Parallel batch document conversion, watch mode, and structured extraction — powered by MarkItDown.

These details have not been verified by PyPI

Project links

Project description

repulp

Parallel batch document conversion, watch mode, and structured extraction — powered by MarkItDown.

repulp wraps Microsoft's MarkItDown with a production workflow layer: parallel batch processing, incremental caching, file watching, table extraction, and a rich CLI.

Why repulp?

MarkItDown converts files one at a time. repulp adds everything you need for real-world document pipelines:

Feature	MarkItDown	repulp
Single file conversion	Yes	Yes
Parallel batch conversion	No	Yes (ProcessPoolExecutor)
Incremental cache (skip unchanged)	No	Yes (SHA256 hashing)
Watch mode (auto-convert on save)	No	Yes (watchfiles)
Extract tables as DataFrames/CSV	No	Yes
CLI with progress bars	No	Yes (Rich + Typer)
Config files (`.repulp.toml`)	No	Yes

Supported Formats

PDF, DOCX, DOC, PPTX, PPT, XLSX, XLS, CSV, HTML, TXT, MD, RST, JSON, XML, YAML, images (JPEG, PNG, GIF, BMP, TIFF, WEBP), audio (MP3, WAV, FLAC), and more via MarkItDown.

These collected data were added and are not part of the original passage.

definition skew_unit :: "('b,'m) ring_scheme \<Rightarrow> ('b \<Rightarrow> 'b) \<Rightarrow> (nat \<Rightarrow> 'b) \<Rightarrow> bool" where
  "skew_unit R \<sigma> g \<longleftrightarrow> g \<in> spoly R \<and>
     (\<exists>h\<in>spoly R. skew_mult R \<sigma> g h = pone R \<and> skew_mult R \<sigma> h g = pone R)"

definition skew_irreducible :: "('b,'m) ring_scheme \<Rightarrow> ('b \<Rightarrow> 'b) \<Rightarrow> (nat \<Rightarrow> 'b) \<Rightarrow> bool" where
  "skew_irreducible R \<sigma> f \<longleftrightarrow> f \<in> spoly R \<and> f \<noteq> pzero R \<and> \<not> skew_unit R \<sigma> f \<and>
     (\<forall>g\<in>spoly R. \<forall>h\<in>spoly R. f = skew_mult R \<sigma> g h \<longrightarrow> skew_unit R \<sigma> g \<or> skew_unit R \<sigma> h)"

definition right_rem ::
  "('b,'m) ring_scheme \<Rightarrow> ('b \<Rightarrow> 'b) \<Rightarrow> (nat \<Rightarrow> 'b) \<Rightarrow> (nat \<Rightarrow> 'b) \<Rightarrow> nat \<Rightarrow> 'b" where
  "right_rem R \<sigma> g f = (THE r. r \<in> spoly R \<and> (\<forall>i\<ge>sdeg R f. r i = \<zero>\<^bsub>R\<^esub>) \<and>
       (\<exists>q\<in>spoly R. g = padd R (skew_mult R \<sigma> q f) r))"

definition petit_carrier :: "('b,'m) ring_scheme \<Rightarrow> (nat \<Rightarrow> 'b) \<Rightarrow> (nat \<Rightarrow> 'b) set" where
  "petit_carrier R f = {p \<in> spoly R. \<forall>i\<ge>sdeg R f. p i = \<zero>\<^bsub>R\<^esub>}"

definition petit_mult ::
  "('b,'m) ring_scheme \<Rightarrow> ('b \<Rightarrow> 'b) \<Rightarrow> (nat \<Rightarrow> 'b) \<Rightarrow> (nat \<Rightarrow> 'b) \<Rightarrow> (nat \<Rightarrow> 'b) \<Rightarrow> nat \<Rightarrow> 'b" where
  "petit_mult R \<sigma> f p q = right_rem R \<sigma> (skew_mult R \<sigma> p q) f"

text \<open>t^m - c (for m > 0)\<close>
definition cyc_poly :: "('b,'m) ring_scheme \<Rightarrow> nat \<Rightarrow> 'b \<Rightarrow> nat \<Rightarrow> 'b" where
  "cyc_poly R m c = (\<lambda>i. if i = m then \<one>\<^bsub>R\<^esub> else if i = 0 then \<ominus>\<^bsub>R\<^esub> c else \<zero>\<^bsub>R\<^esub>)"
(* Let $0<\epsilon,\delta,\lambda<1$, $F=1-\epsilon$, $\nu=1-\lambda$, $k_+=\lceil\log_\lambda\delta\rceil$, $k_-=\lfloor\log_\lambda\delta\rfloor$, and for nonnegative integers $k$ define $$\tilde N(\epsilon,\delta,\lambda,k)=\frac{k\nu^2\delta F+\lambda^{k+1}+\lambda\delta(k\nu-1)}{\lambda\nu\delta\epsilon},\qquad \tilde N_\pm(\epsilon,\delta,\lambda)=\tilde N(\epsilon,\delta,\lambda,k_\pm).$$ Then $$N(\epsilon,\delta,\lambda)=\Big\lceil\min_{k\in\mathbb Z_{\ge0}}\tilde N(\epsilon,\delta,\lambda,k)\Big\rceil=\lceil\tilde N(\epsilon,\delta,\lambda,k^* )\rceil=\big\lceil\min\{\tilde N_+(\epsilon,\delta,\lambda),\tilde N_-(\epsilon,\delta,\lambda)\}\big\rceil=\begin{cases}\lceil\tilde N_-(\epsilon,\delta,\lambda)\rceil,&\delta\ge\frac{\lambda^{k_+}}{F+\lambda\epsilon},\\ \lceil\tilde N_+(\epsilon,\delta,\lambda)\rceil,&\delta\le\frac{\lambda^{k_+}}{F+\lambda\epsilon},\end{cases}$$ where $k^*$ is the largest integer $k$ satisfying $\delta\le\lambda^k/(F\nu+\lambda)=\lambda^k/(F+\lambda\epsilon)$, and $k^*$ is equal to either $k_+$ or $k_-$.
   Context: Let $\mathcal H$ be a Hilbert space of finite dimension $D\ge 2$ and $|\Psi\rangle\in\mathcal H$ a unit vector. For $0\le\lambda<1$ let $\Omega_\lambda=|\Psi\rangle\langle\Psi|+\lambda(1-|\Psi\rangle\langle\Psi|)$. For an integer $N\ge1$ and a density operator $\rho$ on $\mathcal H^{\otimes(N+1)}$ put $p_\rho=\mathrm{tr}[(\Omega_\lambda^{\otimes N}\otimes 1)\rho]$ and $f_\rho=\mathrm{tr}[(\Omega_\lambda^{\otimes N}\otimes|\Psi\rangle\langle\Psi|)\rho]$. Define $F(N,\delta,\lambda)=\min\{f_\rho/p_\rho: p_\rho\ge\delta\}$ for $0<\delta\le1$, the minimum over permutation-invariant density operators on $\mathcal H^{\otimes(N+1)}$, and for $0<\epsilon,\delta<1$ let $N(\epsilon,\delta,\lambda)=\min\{N\ge1: F(N,\delta,\lambda)\ge1-\epsilon\}$ (the minimum number of tests needed to verify $|\Psi\rangle$ within infidelity $\epsilon$ and significance level $\delta$ in the adversarial scenario). *)

theory Defs
  imports "HOL-Analysis.Analysis" "HOL-Combinatorics.Permutations"
begin

text \<open>Concrete model: \<H> = \<complex>^D with basis indexed by {..<D}; the space
  \<H>^(tensor n) has basis indexed by lists of length n over {..<D}.
  Operators on \<H>^(tensor n) are represented by their matrix entries
  (functions of two basis indices).\<close>

definition idx :: "nat \<Rightarrow> nat \<Rightarrow> nat list set" where
  "idx D n = {xs. length xs = n \<and> set xs \<subseteq> {..<D}}"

Note: Formats like HTML, CSV, PDF, DOCX, PPTX, and XLSX produce the richest Markdown output. Plain text formats (TXT, JSON, YAML, XML, RST) are passed through with minimal transformation by the underlying MarkItDown engine.

Quick Start

pip install repulp

Or with uv:

uv add repulp

Convert a directory with parallel workers:

repulp convert ./documents --workers 4 --output ./markdown

Watch a folder and auto-convert on changes:

repulp watch ./incoming --output ./converted

Extract tables from a PDF as CSV:

repulp extract tables report.pdf --format csv --output ./tables

CLI Reference

`repulp convert`

Convert files, directories, or URLs to Markdown.

# Single file
repulp convert report.pdf

# Directory with parallel workers
repulp convert ./docs --workers 4 --output ./markdown

# Recursive with filters
repulp convert ./docs -r --include "*.pdf,*.docx" --exclude "*.tmp"

# Incremental (skip unchanged files, enabled by default)
repulp convert ./docs
repulp convert ./docs  # second run skips unchanged files

# Force reconvert all
repulp convert ./docs --no-cache

# URL
repulp convert https://example.com/page

# Stdin
cat file.html | repulp convert -

# Output to stdout
repulp convert report.pdf --stdout

# With frontmatter metadata
repulp convert report.pdf --frontmatter

# Different output formats
repulp convert report.pdf --format text
repulp convert report.pdf --format json

Option	Short	Description
`--output`	`-o`	Output directory
`--recursive`	`-r`	Scan subdirectories
`--workers`	`-w`	Parallel workers (0 = auto)
`--no-cache`		Disable incremental cache
`--include`	`-I`	Glob patterns to include
`--exclude`	`-E`	Glob patterns to exclude
`--stdout`	`-s`	Print to stdout
`--frontmatter`	`-f`	Add YAML frontmatter
`--format`	`-F`	Output format: md, text, json
`--no-clean`		Skip markdown post-processing

`repulp watch`

Watch a directory and auto-convert on file changes.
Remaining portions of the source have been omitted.